Article 29 “The Hardest Logical Puzzle Ever” involves a discussion of a logical puzzle devised by Raymond Smullyan. There are three gods A, B, and C. One always speaks truly, one always speaks falsely, and one speaks truly or falsely in a random manner. You are to ask three yes-no questions and then determine definitively who is who. A complication is that they answer “da” or “ja” but you don’t know which word means “yes” and which means “no.” Boolos discusses a series of three simpler, but enticing, puzzles. The first is as follows: “Noting their locations, I place two aces and a jack face down on a table, in a row; you do not see which card is placed where. Your problem is to point to one of the three cards and then ask me a single yes-no question, from the answer to which you can, with certainty, identify one of the three cards as an ace. If you have pointed to one of the aces, I will answer your question truthfully. If you have pointed to the jack, I will answer your question yes or no completely at random.” Boolos claims that our ability to reason about alternative possibilities would be almost completely paralyzed if we were denied the use of the law of excluded middle. (However, we leave it as an exercise to the reader to show that allowing a sentence that is neither true nor false renders the above puzzle trivial.)

Boolos is best known for his work on modal provability logic. Boolos’ The Logic of Provability (1993) is regarded as the single best volume on the subject, which surpasses his The Unprovability of Consistency (1979). A simple modal propositional proof of Gödel’s Second Incompleteness Theorem occurs in the last article, a peculiar piece whimsically entitled “Gödel’s Second Incompleteness Theorem Explained in Words of One Syllable.” The afterward by John Burgess surveys Boolos’ work in the modal provability logic.

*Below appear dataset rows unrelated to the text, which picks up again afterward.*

text \<open>Terms of Lambda-J in de Bruijn representation (terms up to alpha-equivalence).
  JApp t u r is the generalized application t(u,y.r); r lives under one extra
  binder (index 0 = y).\<close>

datatype trm = Var nat | Lam trm | JApp trm trm trm

primrec lift :: "trm \<Rightarrow> nat \<Rightarrow> trm" where
  "lift (Var i) k = (if i < k then Var i else Var (Suc i))"
| "lift (Lam t) k = Lam (lift t (Suc k))"
| "lift (JApp t u r) k = JApp (lift t k) (lift u k) (lift r (Suc k))"

text \<open>subst t i s: capture-avoiding substitution of s for index i in t,
  decrementing the indices above i (the binder of i disappears).\<close>
primrec subst :: "trm \<Rightarrow> nat \<Rightarrow> trm \<Rightarrow> trm" where
  "subst (Var j) i s = (if j < i then Var j else if j = i then s else Var (j - 1))"
| "subst (Lam t) i s = Lam (subst t (Suc i) (lift s 0))"
| "subst (JApp t u r) i s = JApp (subst t i s) (subst u i s) (subst r (Suc i) (lift s 0))"

datatype lctx = Hole | LApp trm trm lctx

primrec plug :: "lctx \<Rightarrow> trm \<Rightarrow> trm" where
  "plug Hole s = s"
| "plug (LApp t u D) s = JApp t u (plug D s)"

text \<open>Number of binders crossed by the hole of a list context.\<close>
primrec depth :: "lctx \<Rightarrow> nat" where
  "depth Hole = 0"
| "depth (LApp t u D) = Suc (depth D)"

text \<open>Distant beta: D<\<lambda>x.t>(u,y.r) \<mapsto> {{u/x}D<t>/y}r.  The argument u lives outside
  D, so it is lifted over the depth D binders of D.\<close>
inductive dbeta :: "trm \<Rightarrow> trm \<Rightarrow> bool" (infix "\<rightarrow>\<^sub>d\<^sub>\<beta>" 50) where
  root: "JApp (plug D (Lam t)) u r \<rightarrow>\<^sub>d\<^sub>\<beta>
           subst r 0 (plug D (subst t 0 (((\<lambda>s. lift s 0) ^^ depth D) u)))"
| lam: "t \<rightarrow>\<^sub>d\<^sub>\<beta> t' \<Longrightarrow> Lam t \<rightarrow>\<^sub>d\<^sub>\<beta> Lam t'"
| app1: "t \<rightarrow>\<^sub>d\<^sub>\<beta> t' \<Longrightarrow> JApp t u r \<rightarrow>\<^sub>d\<^sub>\<beta> JApp t' u r"
| app2: "u \<rightarrow>\<^sub>d\<^sub>\<beta> u' \<Longrightarrow> JApp t u r \<rightarrow>\<^sub>d\<^sub>\<beta> JApp t u' r"
| app3: "r \<rightarrow>\<^sub>d\<^sub>\<beta> r' \<Longrightarrow> JApp t u r \<rightarrow>\<^sub>d\<^sub>\<beta> JApp t u r'"

definition SN_dbeta :: "trm \<Rightarrow> bool" where
  "SN_dbeta t \<longleftrightarrow> \<not> (\<exists>f. f 0 = t \<and> (\<forall>n. f n \<rightarrow>\<^sub>d\<^sub>\<beta> f (Suc n)))"

datatype ty = Atom nat | Fun ty ty

definition shift_env :: "(nat \<Rightarrow> ty) \<Rightarrow> ty \<Rightarrow> nat \<Rightarrow> ty" where
  "shift_env \<Gamma> T = (\<lambda>i. if i = 0 then T else \<Gamma> (i - 1))"

inductive typing :: "(nat \<Rightarrow> ty) \<Rightarrow> trm \<Rightarrow> ty \<Rightarrow> bool" where
  tvar: "\<Gamma> x = A \<Longrightarrow> typing \<Gamma> (Var x) A"
| tlam: "typing (shift_env \<Gamma> A) t B \<Longrightarrow> typing \<Gamma> (Lam t) (Fun A B)"
| tapp: "typing \<Gamma> t (Fun A B) \<Longrightarrow> typing \<Gamma> u A \<Longrightarrow> typing (shift_env \<Gamma> B) r C
         \<Longrightarrow> typing \<Gamma> (JApp t u r) C"

end

theory Submission
  imports Defs "HOL-Library.Multiset_Order"
begin

(* Tait-style reducibility, where Red (A -> B) is defined by elimination against the identity
   continuation y.y.  What is specific to distant beta is that the abstraction of a redex
   D<lambda x.t>(u,y.r) may lie in the continuation of an earlier generalized application, so
   redexes need not be visible at the head.  The key lemma is therefore about whole stacks
   t(u1,y1.r1)...(un,yn.rn) ending in an atomic type: if t is reducible (or an abstraction whose
   body maps reducible terms to reducible ones), every ui is reducible and every ri maps reducible
   terms to reducible ones, then the stack is strongly normalizing.  It is proved by induction on
   the multiset of sizes of the arrow types along the stack, inside an induction on strong
   normalization of t and the ui, ri.  When the abstraction of a contracted redex lies in the
   continuation of the preceding frame, the contractum is shown reducible by closing the stack with
   identity frames, all of whose types are smaller than the arrow type the redex consumed. *)

section \<open>Substitution\<close>

abbreviation lifts :: "nat \<Rightarrow> trm \<Rightarrow> trm" where
  "lifts k u \<equiv> ((\<lambda>s. lift s 0) ^^ k) u"

lemma lifts_Suc: "lifts (Suc k) u = lifts k (lift u 0)"
  by (simp only: funpow_Suc_right o_def)

lemma lift_lift: "i \<le> k \<Longrightarrow> lift (lift t i) (Suc k) = lift (lift t k) i"
  by (induct t arbitrary: i k) auto

lemma lift_subst_ge [simp]:
  "j \<le> i \<Longrightarrow> lift (subst t j s) i = subst (lift t (Suc i)) j (lift s i)"
  by (induct t arbitrary: i j s) (simp_all add: diff_Suc lift_lift split: nat.split)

George Boolos was responsible for the growth of a distinctive intellectual culture in philosophy at MIT, according to Judith Jarvis Thomson, who characterized this culture as one in which “clarity is crucial; grandeur, scope, reach, significance, importance—all that is lucky fallout if it so falls out, but not essential” (http://web.mit.edu/philos/www/boolos.html).

Boolos’ volume is characterized by both clarity and significance. His writing is also witty. I conclude with an anecdote by Judy Thomson in her eulogy: “George had worked on this thesis with Hilary Putnam, who was here then, and with James [Thomson]. At the end of his defense, Hilary said ‘That’s all well and good internally, Mr. Boolos, but in what relation does your thesis stand to the universe?’ What do you reply when your thesis supervisor asks you that question at your defense? If you’re George, then quick as a flash you reply, flatly, ‘It’s part of it.’”

Gary Mar
SUNY at Stony Brook


* I wish to thank my students Erik Closson, Trina Kokalis, and David Meieren, and my colleague Peter Ludlow for helpful suggestions.